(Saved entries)
# # # #

lemma bij_betw_permutes_distinct_lists:
  "bij_betw (\<lambda>p. map p [0..<n]) {p. p permutes {..<n}}
     {gs. set gs \<subseteq> {..<n} \<and> length gs = n \<and> distinct gs}"
proof (rule bij_betw_byWitness[where f' = "\<lambda>gs k. if k < n then gs ! k else k"])
  show "\<forall>p\<in>{p. p permutes {..<n}}. (\<lambda>k. if k < n then map p [0..<n] ! k else k) = p"
    by (auto simp: fun_eq_iff permutes_not_in)
  show "\<forall>gs\<in>{gs. set gs \<subseteq> {..<n} \<and> length gs = n \<and> distinct gs}.
      map (\<lambda>k. if k < n then gs ! k else k) [0..<n] = gs"
    by (auto intro: nth_equalityI)
  show "(\<lambda>p. map p [0..<n]) ` {p. p permutes {..<n}} \<subseteq> {gs. set gs \<subseteq> {..<n} \<and> length gs = n \<and> distinct gs}"
    using permutes_in_image[of _ "{..<n}"] by (auto simp: distinct_map permutes_inj_on)
  show "(\<lambda>gs k. if k < n then gs ! k else k) ` {gs. set gs \<subseteq> {..<n} \<and> length gs = n \<and> distinct gs}
      \<subseteq> {p. p permutes {..<n}}"
    using distinct_list_permutes by blast
qed

lemma wedge_list_top_coeff:
  assumes "length us = n" and "\<And>u. u \<in> set us \<Longrightarrow> kelem n u \<and> homog 1 u"
  shows "wedge_list us {..<n} = detn n (\<lambda>i k. (us ! k) {i})"
proof -
  let ?w = "\<lambda>gs. \<Prod>k<n. (us ! k) {gs ! k}"
  let ?D = "{gs. set gs \<subseteq> {..<n} \<and> length gs = n \<and> distinct gs}"
  have "wedge_list us {..<n} = (\<Sum>gs\<in>{gs. set gs \<subseteq> {..<n} \<and> length gs = n}. ?w gs * ebasis_wedge gs {..<n})"
    using wedge_list_expansion[OF assms(2)] assms(1) by simp
  also have "\<dots> = (\<Sum>gs\<in>?D. ?w gs * ebasis_wedge gs {..<n})"
  proof (rule sum.mono_neutral_right)
    show "finite {gs. set gs \<subseteq> {..<n} \<and> length gs = n}"
      by (simp add: finite_lists_length_eq)
    show "\<forall>gs\<in>{gs. set gs \<subseteq> {..<n} \<and> length gs = n} - ?D. ?w gs * ebasis_wedge gs {..<n} = 0"
      by (simp add: ebasis_wedge_not_distinct kzero_def)
  qed blast
  also have "\<dots> = (\<Sum>p | p permutes {..<n}. ?w (map p [0..<n]) * ebasis_wedge (map p [0..<n]) {..<n})"
    by (rule sum.reindex_bij_betw[OF bij_betw_permutes_distinct_lists, symmetric])
  also have "\<dots> = detn n (\<lambda>k i. (us ! k) {i})"
    unfolding detn_def
  proof (rule sum.cong[OF refl])
    fix p assume "p \<in> {p. p permutes {..<n}}"
    then have p: "p permutes {..<n}" by simp
    have "?w (map p [0..<n]) = (\<Prod>k<n. (us ! k) {p k})"
      by (intro prod.cong) auto
    then show "?w (map p [0..<n]) * ebasis_wedge (map p [0..<n]) {..<n} = of_int (sign p) * (\<Prod>k<n. (us ! k) {p k})"
      by (simp add: ebasis_wedge_permutation[OF p] mult.commute)
  qed
  also have "\<dots> = detn n (\<lambda>i k. (us ! k) {i})"
    by (rule detn_transpose[symmetric])
  finally show ?thesis .
qed
section \<open>Uniform closeness of the two pseudo-metrics\<close>

lemma Csq_le_if_le_on_rationals:
  assumes "0 < zeta" "a \<in> mspace (Csq zeta)" "b \<in> mspace (Csq zeta)"
    and le: "\<And>p. p \<in> (\<rat> \<inter> {0..zeta}) \<times> (\<rat> \<inter> {0..zeta}) \<Longrightarrow> b p \<le> a p"
    and "z \<in> {0..zeta} \<times> {0..zeta}"
  shows "b z \<le> a z"
proof -
  have "closure ({0..zeta} \<inter> \<rat>) = {0..zeta}"
    using closure_convex_Int_superset[of "{0..zeta}" \<rat>] assms(1) by (simp add: Rats_closure_real)
  then have closure: "closure ((\<rat> \<inter> {0..zeta}) \<times> (\<rat> \<inter> {0..zeta})) = {0..zeta} \<times> {0..zeta}"
    by (simp add: closure_Times Int_commute)
  have "continuous_on (closure ((\<rat> \<inter> {0..zeta}) \<times> (\<rat> \<inter> {0..zeta}))) (\<lambda>z. a z - b z)"
    unfolding closure using assms(2,3) by (intro continuous_intros) (simp_all add: Csq_mem)
  from continuous_ge_on_closure[OF this, of z 0] show ?thesis
    using le assms(5) unfolding closure by simp
qed
text \<open>
With f(w) = w (w + 1)^(d-1) the Bethe equation reads f(w)^N = (z^d)^N, so its roots are the
preimages under f of the N points c = \<omega> z^d with \<omega>^N = 1, all of modulus
|z|^d < r0^d = \<rho> (1 - \<rho>)^(d-1). This bound is |f| at the critical point -\<rho> and a lower
bound for |f| on the whole line Re w = -\<rho>, so no root lies on that line. Every preimage of c
right of the line lies in the closed disc of radius \<rho>, on which w \<mapsto> c / (w + 1)^(d-1) is a
contraction; hence exactly one does. Since c avoids the critical values 0 and f(-\<rho>), f(w) = c
has d simple roots, so d - 1 of them lie left of the line. The classes are the left parts of the
fibres over the points \<omega> z^d, and M sends u to the right preimage of f(u).
\<close>

definition bethe_map :: "nat \<Rightarrow> complex \<Rightarrow> complex" where
  "bethe_map d w = w * (w + 1) ^ (d - 1)"

definition critical_value :: "nat \<Rightarrow> real" where
  "critical_value d = rho d * (1 - rho d) ^ (d - 1)"

lemma rho_bounds: "d \<ge> 2 \<Longrightarrow> 0 < rho d \<and> rho d < 1"
  by (simp add: rho_def)

lemma r0_power_eq_critical_value:
  assumes "d \<ge> 2"
  shows "r0 d ^ d = critical_value d"
proof -
  have a: "0 < rho d" "0 < 1 - rho d" using rho_bounds[OF assms] by auto
  have "real d * rho d = 1" and "real d * (1 - rho d) = real (d - 1)"
    using assms by (simp_all add: rho_def field_simps)
  then have "r0 d ^ d = rho d powr 1 * (1 - rho d) powr real (d - 1)"
    using a by (simp add: r0_def power_mult_distrib powr_power)
  also have "\<dots> = critical_value d"
    using a by (simp add: critical_value_def powr_realpow)
  finally show ?thesis .
qed

lemma critical_value_le_norm_bethe_map:
  assumes "d \<ge> 1" and "Re w = - rho d"
  shows "critical_value d \<le> cmod (bethe_map d w)"
proof -
  have "rho d \<le> cmod w" using abs_Re_le_cmod[of w] assms by simp
  moreover have "1 - rho d \<le> cmod (w + 1)" using abs_Re_le_cmod[of "w + 1"] assms by simp
  moreover have "0 \<le> 1 - rho d" using assms by (simp add: rho_def)
  ultimately have "rho d * (1 - rho d) ^ (d - 1) \<le> cmod w * cmod (w + 1) ^ (d - 1)"
    by (intro mult_mono power_mono) (auto simp: rho_def)
  then show ?thesis by (simp add: critical_value_def bethe_map_def norm_mult norm_power)
qed

lemma norm_lt_rho_if_right_of_line:
  assumes "d \<ge> 2" and "Re v > - rho d" and "cmod (bethe_map d v) < critical_value d"
  shows "cmod v < rho d"
proof -
  have b: "0 < 1 - rho d" using rho_bounds[OF assms(1)] by simp
  have "1 - rho d \<le> cmod (v + 1)" using abs_Re_le_cmod[of "v + 1"] assms(2) by simp
  then have "cmod v * (1 - rho d) ^ (d - 1) \<le> cmod v * cmod (v + 1) ^ (d - 1)"
    using b by (intro mult_left_mono power_mono) auto
  also have "\<dots> < rho d * (1 - rho d) ^ (d - 1)"
    using assms(3) by (simp add: bethe_map_def critical_value_def norm_mult norm_power)
  finally show ?thesis using b by simp
qed

lemma norm_add_one_ge_in_cball:
  assumes "w \<in> cball 0 (rho d)"
  shows "1 - rho d \<le> cmod (w + 1)"
  using norm_triangle_ineq4[of "w + 1" w] assms by simp
(* Let $A$ be a linear Nakayama algebra with simple modules $S_0,\dots,S_{n-1}$, Kupisch series $[c_0,\dots,c_{n-1}]$ and Jacobson radical $J$, and let $d_j=\dim_K D(Ae_j)$. Let $0\le i\le n-1$ and $1\le k\le c_i$. Then the indecomposable module $e_iA/e_iJ^k$ has injective dimension at most one if and only if either $k=d_{i+k-1}$, or ($k<d_{i+k-1}$ and $d_{i+k-1}-k=d_{i-1}$) (with the convention $d_{-1}:=0$). Moreover, $k=d_{i+k-1}$ holds if and only if $e_iA/e_iJ^k$ is injective.
   Context: $K$ is a field; a linear Nakayama algebra with $n$ simple modules is a connected algebra $A=KQ/I$ with $Q$ the quiver $0\to1\to\cdots\to n-1$ and $I$ admissible; modules are finite-dimensional right modules. $e_i$ are the primitive idempotents and $S_i$ the simple modules; $e_iA$ is uniserial with composition factors $S_i,S_{i+1},\dots,S_{i+c_i-1}$ from top to socle, where $c_i=\dim_K e_iA$ ([$c_0,\dots,c_{n-1}$] is the Kupisch series). $D=\operatorname{Hom}_K(-,K)$, and $D(Ae_j)$ is the indecomposable injective module with socle $S_j$ (the injective envelope of $S_j$). *)

theory Defs
  imports "Jordan_Normal_Form.Matrix"
begin

(* Finite-dimensional right modules over the linear Nakayama algebra A = KQ/I,
   Q = 0 -> 1 -> ... -> n-1, are encoded as quiver representations:
   a representation is a pair (dims, arr) where dims j = dim_K (M e_j) and
   arr j :: dims (Suc j) x dims j matrix is the action of the arrow j -> j+1.
   Vertices j >= n carry the zero space. *)

type_synonym 'k rep = "(nat \<Rightarrow> nat) \<times> (nat \<Rightarrow> 'k mat)"

definition rdim :: "'k rep \<Rightarrow> nat \<Rightarrow> nat" where
  "rdim V = fst V"

definition rarr :: "'k rep \<Rightarrow> nat \<Rightarrow> 'k mat" where
  "rarr V = snd V"

fun rpath :: "'k::semiring_1 rep \<Rightarrow> nat \<Rightarrow> nat \<Rightarrow> 'k mat" where
  "rpath V i 0 = 1\<^sub>m (rdim V i)"
| "rpath V i (Suc l) = rarr V (i + l) * rpath V i l"

definition linear_kupisch :: "nat \<Rightarrow> (nat \<Rightarrow> nat) \<Rightarrow> bool" where
  "linear_kupisch n c \<longleftrightarrow> n \<ge> 1 \<and> c (n - 1) = 1 \<and>
     (\<forall>i. Suc i < n \<longrightarrow> c i \<ge> 2 \<and> c (Suc i) + 1 \<ge> c i) \<and>
     (\<forall>i<n. c i \<ge> 1 \<and> i + c i \<le> n)"

(* V is a (finite-dimensional) module over the algebra with Kupisch series c:
   the path of length c_i starting at i acts as zero (this generates I). *)
definition is_rep :: "nat \<Rightarrow> (nat \<Rightarrow> nat) \<Rightarrow> 'k::field rep \<Rightarrow> bool" where
  "is_rep n c V \<longleftrightarrow> (\<forall>j\<ge>n. rdim V j = 0) \<and>
     (\<forall>j. rarr V j \<in> carrier_mat (rdim V (Suc j)) (rdim V j)) \<and>
     (\<forall>i<n. rpath V i (c i) = 0\<^sub>m (rdim V (i + c i)) (rdim V i))"

definition is_hom :: "'k::field rep \<Rightarrow> 'k rep \<Rightarrow> (nat \<Rightarrow> 'k mat) \<Rightarrow> bool" where
  "is_hom V W f \<longleftrightarrow> (\<forall>j. f j \<in> carrier_mat (rdim W j) (rdim V j) \<and>
      f (Suc j) * rarr V j = rarr W j * f j)"

definition is_mono :: "'k::field rep \<Rightarrow> 'k rep \<Rightarrow> (nat \<Rightarrow> 'k mat) \<Rightarrow> bool" where
  "is_mono V W f \<longleftrightarrow> (\<forall>j. \<forall>v\<in>carrier_vec (rdim V j).
      f j *\<^sub>v v = 0\<^sub>v (rdim W j) \<longrightarrow> v = 0\<^sub>v (rdim V j))"

definition is_epi :: "'k::field rep \<Rightarrow> 'k rep \<Rightarrow> (nat \<Rightarrow> 'k mat) \<Rightarrow> bool" where
  "is_epi V W f \<longleftrightarrow> (\<forall>j. \<forall>w\<in>carrier_vec (rdim W j).
      \<exists>v\<in>carrier_vec (rdim V j). f j *\<^sub>v v = w)"

definition is_exact_at :: "'k::field rep \<Rightarrow> 'k rep \<Rightarrow> 'k rep \<Rightarrow>
    (nat \<Rightarrow> 'k mat) \<Rightarrow> (nat \<Rightarrow> 'k mat) \<Rightarrow> bool" where
  "is_exact_at U V W f g \<longleftrightarrow> (\<forall>j. \<forall>v\<in>carrier_vec (rdim V j).
      g j *\<^sub>v v = 0\<^sub>v (rdim W j) \<longleftrightarrow> (\<exists>u\<in>carrier_vec (rdim U j). f j *\<^sub>v u = v))"

definition is_injective :: "nat \<Rightarrow> (nat \<Rightarrow> nat) \<Rightarrow> 'k::field rep \<Rightarrow> bool" where
  "is_injective n c I \<longleftrightarrow> is_rep n c I \<and>
     (\<forall>X Y u g. is_rep n c X \<longrightarrow> is_rep n c Y \<longrightarrow> is_hom X Y u \<longrightarrow> is_mono X Y u \<longrightarrow>
        is_hom X I g \<longrightarrow> (\<exists>h. is_hom Y I h \<and> (\<forall>j. h j * u j = g j)))"

definition injdim_le_one :: "nat \<Rightarrow> (nat \<Rightarrow> nat) \<Rightarrow> 'k::field rep \<Rightarrow> bool" where
  "injdim_le_one n c M \<longleftrightarrow> (\<exists>I0 I1 f g.
      is_injective n c I0 \<and> is_injective n c I1 \<and>
      is_hom M I0 f \<and> is_hom I0 I1 g \<and>
      is_mono M I0 f \<and> is_exact_at M I0 I1 f g \<and> is_epi I0 I1 g)"

(* the module e_i A / e_i J^k : uniserial with composition factors
   S_i, ..., S_{i+k-1}, i.e. K at vertices i..i+k-1 joined by identities *)
definition uniserial_mod :: "nat \<Rightarrow> nat \<Rightarrow> 'k::field rep" where
  "uniserial_mod i k =
     (let d = (\<lambda>j. if i \<le> j \<and> j < i + k then 1 else 0)
      in (d, (\<lambda>j. if i \<le> j \<and> Suc j < i + k then 1\<^sub>m 1 else 0\<^sub>m (d (Suc j)) (d j))))"

(* d_j = dim_K D(A e_j) = dim_K A e_j = sum_m dim_K e_m A e_j,
   and e_m A e_j is K (nonzero path m -> j) iff m <= j < m + c_m, else 0 *)
definition dinj :: "(nat \<Rightarrow> nat) \<Rightarrow> nat \<Rightarrow> nat" where
  "dinj c j = card {m. m \<le> j \<and> j < m + c m}"

definition dinj_pred :: "(nat \<Rightarrow> nat) \<Rightarrow> nat \<Rightarrow> nat" where
  "dinj_pred c i = (if i = 0 then 0 else dinj c (i - 1))"

end

theory Submission
  imports Defs "Jordan_Normal_Form.Matrix_Kernel"
begin

(* M = e_i A / e_i J^k is uniserial with top S_i and socle S_j, j = i + k - 1. Its injective
   envelope is the uniserial module E = D(A e_j) of length d_j with top S_a, a = j + 1 - d_j:
   a homomorphism into a uniserial module is determined by its component at the socle, and a
   functional on the socle vertex extends as long as it kills the paths from a - 1, which
   vanish in every module by the choice of a. Hence M is injective iff M = E, i.e. k = d_j.
   Otherwise N = E/M is uniserial with top S_a and socle S_(i-1), and 0 -> M -> E -> N -> 0
   shows injdim M <= 1 once N is injective, i.e. once its length d_j - k equals d_(i-1).
   Conversely, given an injective coresolution 0 -> M -> I0 -> I1 -> 0, the envelope E splits
   off I0 compatibly with M, and then N splits off I1, so N is injective. *)

section \<open>Matrices\<close>

lemma row_echelon_all_pivots_left_inverse:
  fixes C :: "'k::field mat"
  assumes C: "C \<in> carrier_mat nr nc" and ref: "row_echelon_form C"
    and all_pivots: "snd ` set (pivot_positions C) = {0 ..< nc}"
  obtains S where "S \<in> carrier_mat nc nr" "S * C = 1\<^sub>m nc"
proof -
  from ref C obtain f where pf: "pivot_fun C f nc" unfolding row_echelon_form_def by auto
  have "dim_row C = nr" using C by auto
  note pv = pivot_funD[OF this pf]
  have pivot_row: "\<exists>i<nr. f i = j" if "j < nc" for j
  proof -
    from that all_pivots have "j \<in> snd ` set (pivot_positions C)" by auto
    thus ?thesis unfolding pivot_positions(1)[OF C pf] by auto
  qed
  have pivot_inj: "i1 = i2" if "i1 < nr" "i2 < nr" "f i1 = f i2" "f i1 < nc" for i1 i2
  proof (rule ccontr)
    assume "i1 \<noteq> i2"
    from pv(5)[OF that(1) that(4) that(2)] this pv(4)[OF that(2)] that show False by auto
  qed
  \<comment> \<open>Selecting the pivot rows inverts \<open>C\<close> from the left.\<close>
  define S where "S = mat nc nr (\<lambda>(j, i). if f i = j then (1::'k) else 0)"
  have S: "S \<in> carrier_mat nc nr" unfolding S_def by auto
  have "S * C = 1\<^sub>m nc"
  proof (rule eq_matI)
    fix j j' assume "j < dim_row (1\<^sub>m nc)" and "j' < dim_col (1\<^sub>m nc)"
    hence j: "j < nc" and j': "j' < nc" by auto
    from pivot_row[OF j] obtain i0 where i0: "i0 < nr" "f i0 = j" by auto
    have "(S * C) $$ (j, j') = (\<Sum>i<nr. S $$ (j, i) * C $$ (i, j'))"
      using S C j j' by (auto simp: scalar_prod_def atLeast0LessThan)
    also have "\<dots> = (\<Sum>i<nr. if i = i0 then C $$ (i0, j') else 0)"
      using pivot_inj i0 j by (intro sum.cong) (auto simp: S_def)
    also have "\<dots> = C $$ (i0, j')" using i0 by simp
    also have "\<dots> = 1\<^sub>m nc $$ (j, j')"
    proof (cases "j' = j")
      case False
      from pivot_row[OF j'] obtain i1 where i1: "i1 < nr" "f i1 = j'" by auto
      with False i0 have "i1 \<noteq> i0" by auto
      from pv(5)[OF i1(1) _ i0(1) this[symmetric]] i1 j' False j show ?thesis by auto
    qed (use pv(4)[OF i0(1)] i0 j in auto)
    finally show "(S * C) $$ (j, j') = 1\<^sub>m nc $$ (j, j')" .
  qed (use S C in auto)
  with S show thesis by (rule that)
qed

# # # #

Work required:
Taking the entries above, print exactly the lines starting at the line with "f j *\<^sub>v v = 0\<^sub>v" and ending at the line with "rep \<Rightarrow> 'k rep \<Rightarrow> 'k rep \<Rightarrow>", both included.

Output for this task:
      f j *\<^sub>v v = 0\<^sub>v (rdim W j) \<longrightarrow> v = 0\<^sub>v (rdim V j))"

definition is_epi :: "'k::field rep \<Rightarrow> 'k rep \<Rightarrow> (nat \<Rightarrow> 'k mat) \<Rightarrow> bool" where
  "is_epi V W f \<longleftrightarrow> (\<forall>j. \<forall>w\<in>carrier_vec (rdim W j).
      \<exists>v\<in>carrier_vec (rdim V j). f j *\<^sub>v v = w)"

definition is_exact_at :: "'k::field rep \<Rightarrow> 'k rep \<Rightarrow> 'k rep \<Rightarrow>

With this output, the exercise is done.